# Lisle Drill Grinder Mods



## ksierens (Aug 5, 2015)

My brother-in-law had given me a Lisle 91000 drill grinder that was pretty neglected.  I was able to clean it up and make some modifications to make it more usable and wanted to share with everyone.

The first mod was to drill out the pin that held in the drill holder and replace it with a tapered pin, so I could remove it when I did not need it.  It really sticks out there and makes it hard to store.




I also made a stop collar for the ‘X’ axis, so I can control the depth, and a 7/8” arbor for the cutoff wheels with a LH thread.




Lastly, I ordered an ER-25 extension, since I already have a full set of ER-25 collets.




Since my Benchmaster Milling machine uses 2mt collets, I am always having to cut down tooling to fit in them, so now I can use this grinder as a cutoff saw, so I also made a disk that can be used to quickly align the tool holder for this purpose.




Eventually I will add an indexing adapter for the ER-25 extension to fit into so I can touch up the end of end mills, oh and of course for sharpening drills


----------



## T Bredehoft (Aug 5, 2015)

I have to assume  your machine was extensively restored, (cleaned and painted, anyway) congratulations, it looks new.  Ditto on the modifications. 

For sharpening end mills, make a sprung finger which will support each flute in position and snap out of the way and back as you rotate the mill.

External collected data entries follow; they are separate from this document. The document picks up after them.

(* Let $U$ be a set with a total order $\preceq$, let $k>1$, and let $\mathcal P$ be a $k$-pattern in $U$ that admits at most one reconstruction from $\preceq$-consecutive points. If $n$ is a positive integer and $r$ is the remainder when $n$ is divided by $k-1$, then \[ S_{\mathcal P}(n)\le \frac{(n-r)(n+r-k+1)}{2k-2}. \]
   Context: A pattern in $U$ is a collection $\mathcal P$ of finite subsets of $U$ (its instances; in the paper, an equivalence class of subsets under some equivalence relation); it is a $k$-pattern if every instance has exactly $k$ elements. For finite $V\subseteq U$, $S_{\mathcal P}(V)=|\{P\subseteq V: P\in\mathcal P\}|$, and $S_{\mathcal P}(n)=\max\{S_{\mathcal P}(V):V\subseteq U,\ |V|=n\}$. The $i$th point of a finite set with respect to $\preceq$ is the element having exactly $i-1$ elements of the set $\preceq$-below it. Given $j\in\{1,\dots,k-1\}$ and $u\prec v$ in $U$, a reconstruction of $\mathcal P$ with $u,v$ as $j$th and $(j+1)$th points is an instance $P\in\mathcal P$ whose $j$th and $(j+1)$th points are $u$ and $v$ respectively. $\mathcal P$ admits at most one reconstruction from $\preceq$-consecutive points if for every $j\in\{1,\dots,k-1\}$ and every $u\prec v$ in $U$ there is at most one such reconstruction. *)

theory Defs
  imports Complex_Main
begin

text \<open>The total order on U is the order of the linorder type, restricted to U.\<close>

definition is_k_pattern :: "'a set \<Rightarrow> nat \<Rightarrow> 'a set set \<Rightarrow> bool" where
  "is_k_pattern U k P \<longleftrightarrow> (\<forall>A\<in>P. A \<subseteq> U \<and> finite A \<and> card A = k)"

definition ith_point :: "'a::linorder set \<Rightarrow> nat \<Rightarrow> 'a \<Rightarrow> bool" where
  "ith_point A i x \<longleftrightarrow> x \<in> A \<and> card {y\<in>A. y < x} = i - 1"

definition is_reconstruction :: "'a::linorder set set \<Rightarrow> nat \<Rightarrow> 'a \<Rightarrow> 'a \<Rightarrow> 'a set \<Rightarrow> bool" where
  "is_reconstruction P j u v A \<longleftrightarrow> A \<in> P \<and> ith_point A j u \<and> ith_point A (j + 1) v"

definition at_most_one_reconstruction ::
  "'a::linorder set \<Rightarrow> nat \<Rightarrow> 'a set set \<Rightarrow> bool" where
  "at_most_one_reconstruction U k P \<longleftrightarrow>
     (\<forall>j\<in>{1..k-1}. \<forall>u\<in>U. \<forall>v\<in>U. u < v \<longrightarrow>
        (\<forall>A B. is_reconstruction P j u v A \<and> is_reconstruction P j u v B \<longrightarrow> A = B))"

definition S_set :: "'a set set \<Rightarrow> 'a set \<Rightarrow> nat" where
  "S_set P V = card {A\<in>P. A \<subseteq> V}"

end

theory Submission
  imports Defs
begin

text \<open>Cut the sorted set V into k - 1 consecutive blocks of sizes as equal as possible:
  r blocks of size q + 1 and the rest of size q, where n = (k - 1) q + r. The first point of
  an instance A \<subseteq> V lies in block 1 or later and its last point before the end of block k - 1,
  so for some j the j-th point of A is in block j or later while the (j+1)-th is still in
  block j. Hence both lie in block j, and by uniqueness of reconstructions A is determined by j
  and that pair. So S(V) is at most the number of pairs inside blocks,
  r \<cdot> C(q+1, 2) + (k - 1 - r) \<cdot> C(q, 2), which is the stated bound.\<close>

definition rank :: "'a::linorder set \<Rightarrow> 'a \<Rightarrow> nat" where
  "rank A x = card {y\<in>A. y < x}"

definition block :: "'a::linorder set \<Rightarrow> (nat \<Rightarrow> nat) \<Rightarrow> nat \<Rightarrow> 'a set" where
  "block V c j = {x\<in>V. c (j - 1) \<le> rank V x \<and> rank V x < c j}"

lemma ith_point_iff_rank: "ith_point A i x \<longleftrightarrow> x \<in> A \<and> rank A x = i - 1"
  unfolding ith_point_def rank_def ..

lemma rank_strict_mono:
  assumes "finite A" "x \<in> A" "x < y"
  shows "rank A x < rank A y"
  unfolding rank_def using assms by (intro psubset_card_mono) auto

lemma rank_less_card:
  assumes "finite A" "x \<in> A"
  shows "rank A x < card A"
  unfolding rank_def using assms by (intro psubset_card_mono) auto

lemma inj_on_rank:
  assumes "finite A"
  shows "inj_on (rank A) A"
proof (rule inj_onI)
  fix x y assume "x \<in> A" "y \<in> A" "rank A x = rank A y"
  then show "x = y"
    using rank_strict_mono[OF assms, of x y] rank_strict_mono[OF assms, of y x]
    by (cases x y rule: linorder_cases) auto
qed

lemma rank_image:
  assumes "finite A"
  shows "rank A ` A = {0..<card A}"
proof (rule card_subset_eq)
  show "rank A ` A \<subseteq> {0..<card A}"
    using rank_less_card[OF assms] by auto
  show "card (rank A ` A) = card {0..<card A}"
    using card_image[OF inj_on_rank[OF assms]] by simp
qed simp

lemma ith_point_exists:
  assumes "finite A" "1 \<le> i" "i \<le> card A"
  shows "\<exists>x. ith_point A i x"
proof -
  have "i - 1 \<in> rank A ` A"
    using assms by (simp add: rank_image)
  then show ?thesis
    by (auto simp: ith_point_iff_rank)
qed

lemma ith_point_strict_mono:
  assumes "finite A" "ith_point A i x" "ith_point A i' y" "1 \<le> i" "i < i'"
  shows "x < y"
proof (rule ccontr)
  have x: "rank A x = i - 1" and y: "y \<in> A" "rank A y = i' - 1"
    using assms(2,3) by (simp_all add: ith_point_iff_rank)
  assume "\<not> x < y"
  then have "y < x \<or> y = x"
    by auto
  then have "rank A y \<le> rank A x"
    using rank_strict_mono[OF assms(1) y(1), of x] by auto
  then show False
    using x y(2) assms(4,5) by arith
qed

lemma nat_exists_flip:
  fixes Q :: "nat \<Rightarrow> bool"
  shows "1 \<le> k \<Longrightarrow> Q 1 \<Longrightarrow> \<not> Q k \<Longrightarrow> \<exists>j. 1 \<le> j \<and> j < k \<and> Q j \<and> \<not> Q (j + 1)"
proof (induction k)
  case 0
  then show ?case by simp
next
  case (Suc k)
  show ?case
  proof (cases "Q k")
    case True
    then show ?thesis
      using Suc.prems by (intro exI[of _ k]) (auto simp: le_Suc_eq)
  next
    case False
    then have "1 \<le> k"
      using Suc.prems by (cases k) auto
    then show ?thesis
      using Suc.IH[OF _ Suc.prems(2) False] by force
  qed
qed

lemma card_block_le:
  assumes "finite V"
  shows "card (block V c j) \<le> c j - c (j - 1)"
proof -
  have "card (block V c j) = card (rank V ` block V c j)"
    by (rule card_image[symmetric], rule inj_on_subset[OF inj_on_rank[OF assms]])
       (auto simp: block_def)
  also have "\<dots> \<le> card {c (j - 1)..<c j}"
    by (intro card_mono) (auto simp: block_def)
  finally show ?thesis
    by simp
qed

lemma consecutive_points_in_block:
  assumes "is_k_pattern U k P" "0 < k" "A \<in> P" "A \<subseteq> V" "finite V"
    and "c 0 = 0" "card V \<le> c (k - 1)"
  obtains j u v where "j \<in> {1..k - 1}" "u < v" "ith_point A j u" "ith_point A (j + 1) v"
    "u \<in> block V c j" "v \<in> block V c j"
proof -
  have fA: "finite A" and cA: "card A = k"
    using assms(1,3) unfolding is_k_pattern_def by auto
  have "\<forall>i. \<exists>x. 1 \<le> i \<and> i \<le> k \<longrightarrow> ith_point A i x"
    using ith_point_exists[OF fA] cA by blast
  then obtain a where a: "\<And>i. 1 \<le> i \<Longrightarrow> i \<le> k \<Longrightarrow> ith_point A i (a i)"
    by metis
  have aV: "a i \<in> V" if "1 \<le> i" "i \<le> k" for i
    using a[OF that] assms(4) unfolding ith_point_def by auto
  have "\<not> c (k - 1) \<le> rank V (a k)"
    using rank_less_card[OF assms(5) aV[of k]] assms(2,7) by simp
  then obtain j where j: "1 \<le> j" "j < k" "c (j - 1) \<le> rank V (a j)" "rank V (a (j + 1)) < c j"
    using nat_exists_flip[of k "\<lambda>i. c (i - 1) \<le> rank V (a i)"] assms(2,6) by auto
  have lt: "a j < a (j + 1)"
    using ith_point_strict_mono[OF fA a[of j] a[of "j + 1"]] j by simp
  have "rank V (a j) < rank V (a (j + 1))"
    using rank_strict_mono[OF assms(5) aV lt] j by simp
  then have blocks: "a j \<in> block V c j" "a (j + 1) \<in> block V c j"
    unfolding block_def using j aV[of j] aV[of "j + 1"] by auto
  have "j \<in> {1..k - 1}" "ith_point A j (a j)" "ith_point A (j + 1) (a (j + 1))"
    using a j by auto
  then show ?thesis
    by (intro that[OF _ lt _ _ blocks])
qed

lemma S_set_le_sum_gap_pairs:
  assumes "is_k_pattern U k P" "at_most_one_reconstruction U k P" "0 < k"
    and "V \<subseteq> U" "finite V" "c 0 = 0" "card V \<le> c (k - 1)"
  shows "S_set P V \<le> (\<Sum>j\<in>{1..k - 1}. (c j - c (j - 1)) choose 2)"
proof -
  define T where "T = Sigma {1..k - 1} (\<lambda>j. {B. B \<subseteq> block V c j \<and> card B = 2})"
  define R where "R A p \<longleftrightarrow> (\<exists>u v. snd p = {u, v} \<and> u < v \<and>
      ith_point A (fst p) u \<and> ith_point A (fst p + 1) v)" for A and p :: "nat \<times> 'a set"
  have fin_block: "finite (block V c j)" for j
    using assms(5) by (simp add: block_def)
  have "card {A\<in>P. A \<subseteq> V} \<le> card T"
  proof (rule card_le_if_inj_on_rel[of T _ R])
    show "finite T"
      unfolding T_def using fin_block by (intro finite_SigmaI) auto
  next
    fix A assume "A \<in> {A\<in>P. A \<subseteq> V}"
    then obtain j u v where "j \<in> {1..k - 1}" "u < v" "ith_point A j u" "ith_point A (j + 1) v"
      "u \<in> block V c j" "v \<in> block V c j"
      using consecutive_points_in_block[OF assms(1,3) _ _ assms(5-7)] by blast
    then show "\<exists>p. p \<in> T \<and> R A p"
      by (intro exI[of _ "(j, {u, v})"]) (auto simp: T_def R_def)
  next
    fix A1 A2 p assume A: "A1 \<in> {A\<in>P. A \<subseteq> V}" "A2 \<in> {A\<in>P. A \<subseteq> V}" "p \<in> T" "R A1 p" "R A2 p"
    obtain j B where p: "p = (j, B)" by (cases p)
    have j: "j \<in> {1..k - 1}"
      using A(3) unfolding p T_def by auto
    obtain u v where uv: "B = {u, v}" "u < v" "ith_point A1 j u" "ith_point A1 (j + 1) v"
      using A(4) unfolding R_def p by auto
    obtain u' v' where uv': "B = {u', v'}" "u' < v'" "ith_point A2 j u'" "ith_point A2 (j + 1) v'"
      using A(5) unfolding R_def p by auto
    have "u' = u" "v' = v"
      using uv uv' by (auto simp: doubleton_eq_iff)
    moreover have "u \<in> U" "v \<in> U"
      using uv A(1) assms(4) unfolding ith_point_def by auto
    ultimately show "A1 = A2"
      using assms(2) j uv uv' A(1,2)
      unfolding at_most_one_reconstruction_def is_reconstruction_def by blast
  qed
  also have "card T = (\<Sum>j\<in>{1..k - 1}. card (block V c j) choose 2)"
    unfolding T_def using fin_block by (simp add: card_SigmaI n_subsets)
  also have "\<dots> \<le> (\<Sum>j\<in>{1..k - 1}. (c j - c (j - 1)) choose 2)"
    by (intro sum_mono binomial_right_mono card_block_le assms(5))
  finally show ?thesis
    unfolding S_set_def .
qed

text \<open>The balanced cut of n points into m blocks: the first n mod m blocks get one extra point.\<close>
definition balanced_cut :: "nat \<Rightarrow> nat \<Rightarrow> nat \<Rightarrow> nat" where
  "balanced_cut n m j = j * (n div m) + min j (n mod m)"

lemma balanced_cut_gap:
  assumes "1 \<le> j"
  shows "balanced_cut n m j - balanced_cut n m (j - 1) = n div m + (if j \<le> n mod m then 1 else 0)"
  using assms by (cases j) (auto simp: balanced_cut_def)

lemma balanced_cut_last:
  assumes "0 < m"
  shows "balanced_cut n m m = n"
  using assms by (simp add: balanced_cut_def mod_less_divisor)

lemma sum_balanced_gap_pairs:
  assumes "0 < m"
  shows "(\<Sum>j\<in>{1..m}. (balanced_cut n m j - balanced_cut n m (j - 1)) choose 2)
           = n mod m * ((n div m + 1) choose 2) + (m - n mod m) * ((n div m) choose 2)"
proof -
  let ?q = "n div m" and ?r = "n mod m"
  let ?g = "\<lambda>j. (balanced_cut n m j - balanced_cut n m (j - 1)) choose 2"
  have "{1..m} = {1..?r} \<union> {?r + 1..m}"
    using mod_less_divisor[OF assms, of n] by auto
  then have "sum ?g {1..m} = sum ?g {1..?r} + sum ?g {?r + 1..m}"
    by (simp add: sum.union_disjoint ivl_disj_int)
  also have "\<dots> = (\<Sum>j\<in>{1..?r}. (?q + 1) choose 2) + (\<Sum>j\<in>{?r + 1..m}. ?q choose 2)"
    by (intro arg_cong2[where f = "(+)"] sum.cong refl; subst balanced_cut_gap) auto
  finally show ?thesis
    by simp
qed

lemma real_choose_two: "real (x choose 2) = real x * (real x - 1) / 2"
proof -
  have "even (x * (x - 1))"
    by (cases "even x") auto
  then have "2 * (x choose 2) = x * (x - 1)"
    by (simp add: choose_two)
  then have "2 * real (x choose 2) = real x * real (x - 1)"
    by (metis of_nat_mult of_nat_numeral)
  then show ?thesis
    by (cases x) auto
qed

lemma balanced_pairs_closed_form:
  assumes "0 < m" "n = m * q + r" "r \<le> m"
  shows "real (r * ((q + 1) choose 2) + (m - r) * (q choose 2))
           = (real n - real r) * (real n + real r - real m) / (2 * real m)"
proof -
  have "real (r * ((q + 1) choose 2) + (m - r) * (q choose 2))
      = real r * ((real q + 1) * real q / 2) + (real m - real r) * (real q * (real q - 1) / 2)"
    using assms(3) by (simp add: real_choose_two of_nat_diff)
  also have "\<dots> = (real m * real q) * (real m * real q + 2 * real r - real m) / (2 * real m)"
    using assms(1) by (simp add: field_simps)
  finally show ?thesis
    using assms(2) by (simp add: algebra_simps)
qed

theorem mainTheorem3:
  fixes U :: "'a::linorder set" and P :: "'a set set" and k n r :: nat
  assumes "k > 1"
    and "is_k_pattern U k P"
    and "at_most_one_reconstruction U k P"
    and "n > 0"
    and "r = n mod (k - 1)"
  shows "\<forall>V. V \<subseteq> U \<and> finite V \<and> card V = n \<longrightarrow>
           real (S_set P V) \<le> (real n - real r) * (real n + real r - real k + 1) / (2 * real k - 2)"
proof (intro allI impI)
  fix V assume V: "V \<subseteq> U \<and> finite V \<and> card V = n"
  define m where "m = k - 1"
  have m: "0 < m" "real k = real m + 1" "r = n mod m"
    using assms(1,5) by (auto simp: m_def)
  have "S_set P V \<le> (\<Sum>j\<in>{1..m}. (balanced_cut n m j - balanced_cut n m (j - 1)) choose 2)"
    using S_set_le_sum_gap_pairs[OF assms(2,3), of V "balanced_cut n m"] assms(1) V
    unfolding m_def[symmetric] balanced_cut_last[OF m(1)] by (simp add: balanced_cut_def)
  also have "\<dots> = r * ((n div m + 1) choose 2) + (m - r) * ((n div m) choose 2)"
    unfolding m(3) by (rule sum_balanced_gap_pairs[OF m(1)])
  finally have "real (S_set P V) \<le> real (r * ((n div m + 1) choose 2) + (m - r) * ((n div m) choose 2))"
    by (simp only: of_nat_le_iff)
  also have "\<dots> = (real n - real r) * (real n + real r - real m) / (2 * real m)"
    unfolding m(3)
    by (rule balanced_pairs_closed_form[OF m(1) mult_div_mod_eq[symmetric]
          less_imp_le[OF mod_less_divisor[OF m(1)]]])
  finally show "real (S_set P V) \<le> (real n - real r) * (real n + real r - real k + 1) / (2 * real k - 2)"
    unfolding m(2) by (simp add: algebra_simps)
qed

end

Its adjustable vertically and horizontally, can be adjusted to any diameter/number of flutes.


----------



## ksierens (Aug 5, 2015)

Thanks Tom, not too extensive, disassembled it, wire brushed the parts and painted it.

Do you have any pictures of the "Sprung Finger"?


----------



## T Bredehoft (Aug 5, 2015)

All I have is a 35 year old memory of using one.  Picture a piece of .030 steel sheet,shaped like one end of a green bean, mounted on a small block of steel. This block is attache to a rod with a hinge and a spring, allowing it to be rigid in one direction and flex in the other. The rod is inserted in a hole below the point of grinding, adjustable, up and down and in Y, to accommodate differing diameters of cutter. As you rotate the end mill, it springs aside to let the flute pass, and springs back to support the next flute when it is end is being ground. It also worked (on the grinder my employer had) (if you were very careful) for grinding the side of the flute (diameter of the cutter.)


----------



## Silverbullet (Aug 9, 2015)

Nice job on the painting. Glad your thinking out of the box, your modifications make the drill grinder worth it's weight in gold. I'm keeping my eye out for a tool & cutter grinder myself, if I find one of these ill scoop it up and follow your lead . Good job let us know with more progresses .


----------